Arafat travel ban could be lifted after arrests - Sharon
Israeli Prime Minister Ariel Sharon said he is ready to lift the virtual house arrest of Yasser Arafat, but military strikes against Palestinian targets will go on.
Arafat has been confined to his West Bank headquarters in Ramallah by Israeli tanks for three months. A condition for his release was the arrest of militants who killed a Cabinet minister in October.
‘‘People have been arrested,’’ Sharon said. ‘‘I have said that after they are arrested, we shall let him out of there.’’
Hard-line Tourism Minister Rehavam Zeevi was shot dead in a Jerusalem hotel in October.
Sharon also said he was dropping Israel’s demand for a full seven days without violence before beginning formal truce talks.
The gestures toward the Palestinians appeared likely to cost Sharon the support of the most hawkish wing of his broad-based coalition government.
Cabinet minister Benny Eilon of the National Union bloc said he and fellow minister Avigdor Lieberman would submit their resignations from Sharon’s ruling team tomorrow.
Early today, Israeli tanks and troops entered the West Bank town of Qalqilya from all sides, residents said. The army said they were ‘‘searching for terrorists, weapons and terrorist infrastructure.’’ Similar operations took place in the Deheishe refugee camp next to Bethlehem, they said.
Israeli warplanes and helicopters pounded Palestinian buildings in the West Bank and Gaza Strip yesterday, after two Palestinian attacks the day before that killed 13 Israelis.
Yesterday in the Gaza Strip, a Palestinian gunman shot and killed a soldier guarding a Jewish settlement before another soldier shot the assailant dead.
Also yesterday, Israeli police shot and killed a Palestinian at a roadblock north of Jerusalem.
Police said he ignored orders to halt.
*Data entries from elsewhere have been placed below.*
lemma run_states_outs: "M \<in> run_states t n \<Longrightarrow> outs_in_H M"
  unfolding run_states_def using start_states_outs[of M t n] eval_states_outs[of M t n] by blast

lemma run_states_flags: "M \<in> run_states t n \<Longrightarrow> fl \<in> flags M \<Longrightarrow>
   (\<exists>t' j B. kam\<^sup>*\<^sup>* (t, [])
     (Abs t', []) \<and> represents [j] B t' \<and> M = lambda_wait_st j B n \<and>
     fl = (''lambda'', PW, restart_body)) \<or>
   (\<exists>f \<pi> S. kam\<^sup>*\<^sup>* (t, []) (FVar f, \<pi>) \<and> represents_stack S \<pi> \<and> M = eval_st (num f) S n)"
proof -
  assume a: "M \<in> run_states t n" "fl \<in> flags M"
  then have "M \<in> eval_states t n" unfolding run_states_def using start_states_flags[of M t n]
    by auto
  then show ?thesis using eval_states_flags[OF _ a(2)] by blast
qed

text \<open>When a variable has been counted down to z, the machine switches to continuation mode and
  traverses the stack \<pi>: for each component, an internal choice either enters it (enter_states)
  or skips to the rest of the stack (skip_states).\<close>

definition cont_states :: "lterm list \<Rightarrow> nat \<Rightarrow> proc multiset set" where
  "cont_states \<pi> n = {M. \<exists>S. represents_stack S \<pi> \<and> (M = init_st S n \<or> M = rec_st S n \<or>
    M = cont_st S n)}
    \<union> {M. \<exists>u \<pi>' P S1. \<pi> = u # \<pi>' \<and> represents [] P u \<and> represents_stack S1 \<pi>' \<and>
      (M = cont_hd_st P S1 n \<or> M = cont_b_st P S1 n \<or> M = choice_st P S1 n)}
    \<union> {M. \<pi> = [] \<and> (M = done_b_st n \<or> M = done_wait_st n)}"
They said they found an assault rifle, ammunition and hand grenades in a large bag he was carrying.
Casualties have increased sharply on both sides through two weeks of rapidly escalating violence.
US President George Bush said he would send special envoy Anthony Zinni back for a third attempt at achieving a truce, and US Secretary of State Colin Powell said he would not be deterred by the violence.
Zinni is ‘‘going to stay in the region and fight his way through this,’’ Powell said. The envoy’s two previous missions faltered in crescendos of violence that accompanied his talks.
Also heading for the region was US Vice President Dick Cheney, who planned to visit nine Arab countries and Israel after meeting British Prime Minister Tony Balir in London today.
Cheney will discuss Palestinian-Israeli violence ‘‘at every stop,’’ Powell said, though the Vice President’s main mission is said to be sounding out Arab support for an offensive on Iraq as part of the US-led war on terror.
In Egypt, meanwhile, Saudi Arabia’s Foreign Minister Saud al-Faisal offered Israel ‘‘complete peace from Arab nations’’ in exchange for Israeli withdrawal from Arab lands captured in 1967, and the creation of an independent Palestine with Jerusalem as its capital.
Al-Faisal, who spoke after meeting Egyptian President Hosni Mubarak, offered the most detailed Saudi comments on the kingdom’s overture to Israel since it was first made public last month. Israel has expressed strong reservations, but said it is willing to explore the proposal.